Net income fell to HK$1.22 billion ($157 million), or HK$1.13 per share, for the three months ended Sept. 30, from HK$1.226 billion, or HK$1.14 a share a year earlier, the company said in a statement today. Revenue and other income advanced 1 percent to HK$1.84 billion, it said.
An average HK$61.8 billion worth of shares changed hands daily in the quarter, down from HK$66.7 billion the same period a year earlier, the statement said. The benchmark Hang Seng Index climbed 11 percent in that period.

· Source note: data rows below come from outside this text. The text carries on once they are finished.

(* For every hypothesis class $\mathcal{H}$ and every integer $t\ge0$, $\mathcal{S}(\mathcal{H},t)\le\mathcal{N}(0,\mathcal{H},t)$.
   Context: Hypotheses are maps $\mathcal{X}\to\{-1,+1\}$. A depth-$t$ $Z$-valued tree $\mathbf{z}$ is a sequence of maps $\mathbf{z}_s:\{\pm1\}^{s-1}\to Z$, $s=1,\dots,t$; write $\mathbf{z}_s(\epsilon)=\mathbf{z}_s(\epsilon_1,\dots,\epsilon_{s-1})$ for $\epsilon\in\{\pm1\}^t$. For a depth-$t$ $\mathcal{X}$-valued tree $\mathbf{x}$, $S(\mathcal{H},\mathbf{x})=\{\epsilon\in\{\pm1\}^t:\exists h\in\mathcal{H},\ \epsilon_s=h(\mathbf{x}_s(\epsilon))\ \forall s\le t\}$; the tree shattering coefficient is $\mathcal{S}(\mathcal{H},t)=\max_{\mathbf{x}}|S(\mathcal{H},\mathbf{x})|$ for $t\ge1$, and $\mathcal{S}(\mathcal{H},0)=1$ if $\mathcal{H}\neq\emptyset$, $0$ otherwise. A set $V$ of depth-$t$ $\{\pm1\}$-valued trees is a sequential zero cover of $\mathcal{H}$ on $\mathbf{x}$ if for all $h\in\mathcal{H}$ and all $\epsilon\in\{\pm1\}^t$ there is $\mathbf{v}\in V$ with $\mathbf{v}_s(\epsilon)=h(\mathbf{x}_s(\epsilon))$ for $s=1,\dots,t$. $\mathcal{N}(0,\mathcal{H},\mathbf{x})$ is the minimum size of such a cover, and $\mathcal{N}(0,\mathcal{H},t)=\max_{\mathbf{x}}\mathcal{N}(0,\mathcal{H},\mathbf{x})$ over depth-$t$ $\mathcal{X}$-valued trees. *)

theory Defs
  imports Main
begin

text \<open>A depth-t Z-valued tree is a function z :: nat \<Rightarrow> int list \<Rightarrow> Z, where
  (0-indexed) level s < t is the map z s applied to the length-s prefix
  of the sign sequence; i.e. z_{s+1}(eps) = z s (take s eps).\<close>

definition sign_seqs :: "nat \<Rightarrow> int list set" where
  "sign_seqs t = {e. length e = t \<and> set e \<subseteq> {-1, 1}}"

definition shatter_set ::
  "('a \<Rightarrow> int) set \<Rightarrow> (nat \<Rightarrow> int list \<Rightarrow> 'a) \<Rightarrow> nat \<Rightarrow> int list set" where
  "shatter_set H x t =
     {e \<in> sign_seqs t. \<exists>h\<in>H. \<forall>s<t. e ! s = h (x s (take s e))}"

definition tree_shattering_coeff :: "('a \<Rightarrow> int) set \<Rightarrow> nat \<Rightarrow> nat" where
  "tree_shattering_coeff H t =
     (if t = 0 then (if H = {} then 0 else 1)
      else Sup {card (shatter_set H x t) | x. True})"

definition is_seq_zero_cover ::
  "('a \<Rightarrow> int) set \<Rightarrow> (nat \<Rightarrow> int list \<Rightarrow> 'a) \<Rightarrow> nat
    \<Rightarrow> (nat \<Rightarrow> int list \<Rightarrow> int) set \<Rightarrow> bool" where
  "is_seq_zero_cover H x t V \<longleftrightarrow>
     (\<forall>v\<in>V. \<forall>e\<in>sign_seqs t. \<forall>s<t. v s (take s e) \<in> {-1, 1}) \<and>
     (\<forall>h\<in>H. \<forall>e\<in>sign_seqs t. \<exists>v\<in>V. \<forall>s<t. v s (take s e) = h (x s (take s e)))"

definition zero_cover_num_tree ::
  "('a \<Rightarrow> int) set \<Rightarrow> (nat \<Rightarrow> int list \<Rightarrow> 'a) \<Rightarrow> nat \<Rightarrow> nat" where
  "zero_cover_num_tree H x t =
     (LEAST n. \<exists>V. finite V \<and> card V = n \<and> is_seq_zero_cover H x t V)"

definition zero_cover_num :: "('a \<Rightarrow> int) set \<Rightarrow> nat \<Rightarrow> nat" where
  "zero_cover_num H t = Sup {zero_cover_num_tree H x t | x. True}"

end

theory Submission
  imports Defs
begin

text \<open>A zero cover of the tree x contains, for every shattered sign sequence e, a tree that
  reproduces e along the path e itself. Two distinct sign sequences first differ at some level,
  where they share the prefix and hence the label of such a tree, so no tree serves both: the
  cover is at least as large as the shattered set. Since the cover number is a LEAST and the
  cover coefficient a Sup over nat, one also needs that covers exist and have bounded size;
  the finite set of all sign-valued trees, normalised to 1 off the reachable nodes, is one.\<close>

lemma finite_sign_seqs: "finite (sign_seqs t)"
  using finite_lists_length_eq[of "{-1, 1::int}" t]
  unfolding sign_seqs_def by (simp add: conj_commute)

lemma take_mem_sign_seqs: "e \<in> sign_seqs t \<Longrightarrow> s \<le> t \<Longrightarrow> take s e \<in> sign_seqs s"
  unfolding sign_seqs_def by (auto dest: in_set_takeD)

lemma shatter_set_0: "H \<noteq> {} \<Longrightarrow> shatter_set H x 0 = {[]}"
  unfolding shatter_set_def sign_seqs_def by auto

lemma eq_if_tree_follows_both:
  assumes "length e = t" "length e' = t"
    and "\<forall>s<t. v s (take s e) = e ! s" "\<forall>s<t. v s (take s e') = e' ! s"
  shows "e = e'"
proof -
  have "take s e = take s e'" if "s \<le> t" for s
    using that
  proof (induction s)
    case (Suc s)
    then have "s < t" "take s e = take s e'"
      by simp_all
    then have "e ! s = e' ! s"
      using assms(3,4) by metis
    with Suc.IH \<open>s < t\<close> show ?case
      using assms(1,2) by (simp add: take_Suc_conv_app_nth)
  qed simp
  from this[of t] show ?thesis
    using assms(1,2) by simp
qed

lemma card_shatter_set_le_card_cover:
  assumes "finite V" and cover: "is_seq_zero_cover H x t V"
  shows "card (shatter_set H x t) \<le> card V"
proof -
  have "\<exists>v\<in>V. \<forall>s<t. v s (take s e) = e ! s" if shattered: "e \<in> shatter_set H x t" for e
  proof -
    obtain h where "h \<in> H" "e \<in> sign_seqs t" and e: "\<forall>s<t. e ! s = h (x s (take s e))"
      using shattered unfolding shatter_set_def by blast
    with cover obtain v where "v \<in> V" "\<forall>s<t. v s (take s e) = h (x s (take s e))"
      unfolding is_seq_zero_cover_def by blast
    with e show ?thesis by auto
  qed
  then obtain f where f: "\<And>e. e \<in> shatter_set H x t \<Longrightarrow>
      f e \<in> V \<and> (\<forall>s<t. f e s (take s e) = e ! s)"
    by metis
  have "inj_on f (shatter_set H x t)"
  proof (rule inj_onI)
    fix e e' assume e: "e \<in> shatter_set H x t" and e': "e' \<in> shatter_set H x t"
      and "f e = f e'"
    then show "e = e'"
      using f[OF e] f[OF e'] eq_if_tree_follows_both[of e t e' "f e"]
      unfolding shatter_set_def sign_seqs_def by auto
  qed
  moreover have "f ` shatter_set H x t \<subseteq> V"
    using f by auto
  ultimately show ?thesis
    using card_inj_on_le \<open>finite V\<close> by blast
qed

definition sign_trees :: "nat \<Rightarrow> (nat \<Rightarrow> int list \<Rightarrow> int) set" where
  "sign_trees t = {v. \<forall>s l. (s < t \<and> l \<in> sign_seqs s \<longrightarrow> v s l \<in> {-1, 1}) \<and>
                             (\<not> (s < t \<and> l \<in> sign_seqs s) \<longrightarrow> v s l = 1)}"

lemma finite_sign_trees: "finite (sign_trees t)"
proof -
  define D where "D = (SIGMA s:{..<t}. sign_seqs s)"
  define G where "G = {g. \<forall>p. (p \<in> D \<longrightarrow> g p \<in> {-1, 1::int}) \<and> (p \<notin> D \<longrightarrow> g p = 1)}"
  have "finite D"
    unfolding D_def using finite_sign_seqs by blast
  then have "finite G"
    unfolding G_def by (rule finite_set_of_finite_funs) simp
  moreover have "sign_trees t \<subseteq> curry ` G"
  proof
    fix v assume "v \<in> sign_trees t"
    then have "case_prod v \<in> G"
      unfolding sign_trees_def G_def D_def by auto
    then show "v \<in> curry ` G"
      by (metis curry_case_prod image_eqI)
  qed
  ultimately show ?thesis
    using finite_subset by blast
qed

lemma is_seq_zero_cover_sign_trees:
  assumes "\<forall>h\<in>H. \<forall>z. h z \<in> {-1, 1}"
  shows "is_seq_zero_cover H x t (sign_trees t)"
  unfolding is_seq_zero_cover_def
proof (intro conjI ballI allI impI)
  fix v e s assume "v \<in> sign_trees t" "e \<in> sign_seqs t" "s < t"
  then show "v s (take s e) \<in> {-1, 1}"
    using take_mem_sign_seqs unfolding sign_trees_def by auto
next
  fix h e assume "h \<in> H" and e: "e \<in> sign_seqs t"
  define v where "v s l = (if s < t \<and> l \<in> sign_seqs s then h (x s l) else 1)" for s l
  have "v \<in> sign_trees t"
    using assms \<open>h \<in> H\<close> unfolding v_def sign_trees_def by auto
  moreover have "\<forall>s<t. v s (take s e) = h (x s (take s e))"
    using take_mem_sign_seqs[OF e] unfolding v_def by simp
  ultimately show "\<exists>v\<in>sign_trees t. \<forall>s<t. v s (take s e) = h (x s (take s e))"
    by blast
qed

lemma zero_cover_num_tree_le_card:
  "finite V \<Longrightarrow> is_seq_zero_cover H x t V \<Longrightarrow> zero_cover_num_tree H x t \<le> card V"
  unfolding zero_cover_num_tree_def by (rule Least_le) blast

lemma minimal_seq_zero_cover_exists:
  assumes "\<forall>h\<in>H. \<forall>z. h z \<in> {-1, 1}"
  obtains V where "finite V" "card V = zero_cover_num_tree H x t" "is_seq_zero_cover H x t V"
proof -
  have "\<exists>n V. finite V \<and> card V = n \<and> is_seq_zero_cover H x t V"
    using finite_sign_trees is_seq_zero_cover_sign_trees[OF assms] by blast
  from LeastI_ex[OF this] show ?thesis
    using that unfolding zero_cover_num_tree_def by blast
qed

lemma card_shatter_set_le_zero_cover_num_tree:
  assumes "\<forall>h\<in>H. \<forall>z. h z \<in> {-1, 1}"
  shows "card (shatter_set H x t) \<le> zero_cover_num_tree H x t"
  using minimal_seq_zero_cover_exists[OF assms] card_shatter_set_le_card_cover by metis

lemma zero_cover_num_tree_le_zero_cover_num:
  assumes "\<forall>h\<in>H. \<forall>z. h z \<in> {-1, 1}"
  shows "zero_cover_num_tree H x t \<le> zero_cover_num H t"
proof -
  have "bdd_above {zero_cover_num_tree H x t | x. True}"
    using zero_cover_num_tree_le_card[OF finite_sign_trees is_seq_zero_cover_sign_trees[OF assms]]
    by (intro bdd_aboveI[where M = "card (sign_trees t)"]) blast
  then show ?thesis
    unfolding zero_cover_num_def by (rule cSup_upper[rotated]) blast
qed

theorem mainTheorem13:
  fixes H :: "('a \<Rightarrow> int) set" and t :: nat
  assumes "\<forall>h\<in>H. \<forall>z. h z \<in> {-1, 1}"
  shows "tree_shattering_coeff H t \<le> zero_cover_num H t"
proof -
  have shatter_le: "card (shatter_set H x t) \<le> zero_cover_num H t" for x
    using card_shatter_set_le_zero_cover_num_tree[OF assms]
      zero_cover_num_tree_le_zero_cover_num[OF assms] le_trans by blast
  show ?thesis
  proof (cases "t = 0 \<and> H \<noteq> {}")
    case True
    then have "card (shatter_set H undefined t) = 1"
      by (simp add: shatter_set_0)
    with True show ?thesis
      using shatter_le[of undefined] unfolding tree_shattering_coeff_def by simp
  next
    case False
    then show ?thesis
      unfolding tree_shattering_coeff_def using shatter_le by (auto intro!: cSup_least)
  qed
qed

end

Shares in Hong Kong Exchanges have gained 39 percent this year.
“The markets have moved on from what was a lackluster Q3,” Stephen Andrews, an analyst at UBS AG, wrote in a research report.
Andrews estimated the average daily turnover of the bourse will be HK$86 billion next year, and a record HK$95 billion for 2012, the report said. The analyst lifted the share-price forecast for the stock to HK$125 from HK$115, and maintained a “sell” rating on the stock.
Shares in Hong Kong Exchanges slid 0.2 percent to HK$193.80 at the 12:30 p.m. lunchtime trading break in the city.
Profit for the first nine months gained 2 percent to HK$3.48 billion, the statement said. The average daily turnover was HK$63.1 billion in the first three quarters of this year, up 3 percent from a year earlier, it said.
Luring Foreign Listing
Listing fees climbed 28 percent to HK$657 million in the nine months to Sept. 30, according to the statement.
Ronald Arculli, chairman of the bourse, visited companies in France and Italy last month to seek their listings in Hong Kong, the statement said. The bourse has also done overseas listing promotion in countries including Russia, Australia, Japan and Taiwan in the third quarter, it said.
United Co. Rusal’s debut in January marked the listing of the city’s first Russian company, followed by L’Occitane International SA in May as the first French company to hold a Hong Kong initial public offering.
“We remain cautiously optimistic about the further growth of our securities and derivatives markets,” Arculli said in today’s statement. “The potential ramifications of any sovereign liquidity problems or currency wars, concerns about the effectiveness of the fiscal measures of different governments and the elevated risk of growing asset bubbles in persistent low interest rate environments deepen the uncertainty over the world’s economic performance and the outlook for financial markets.”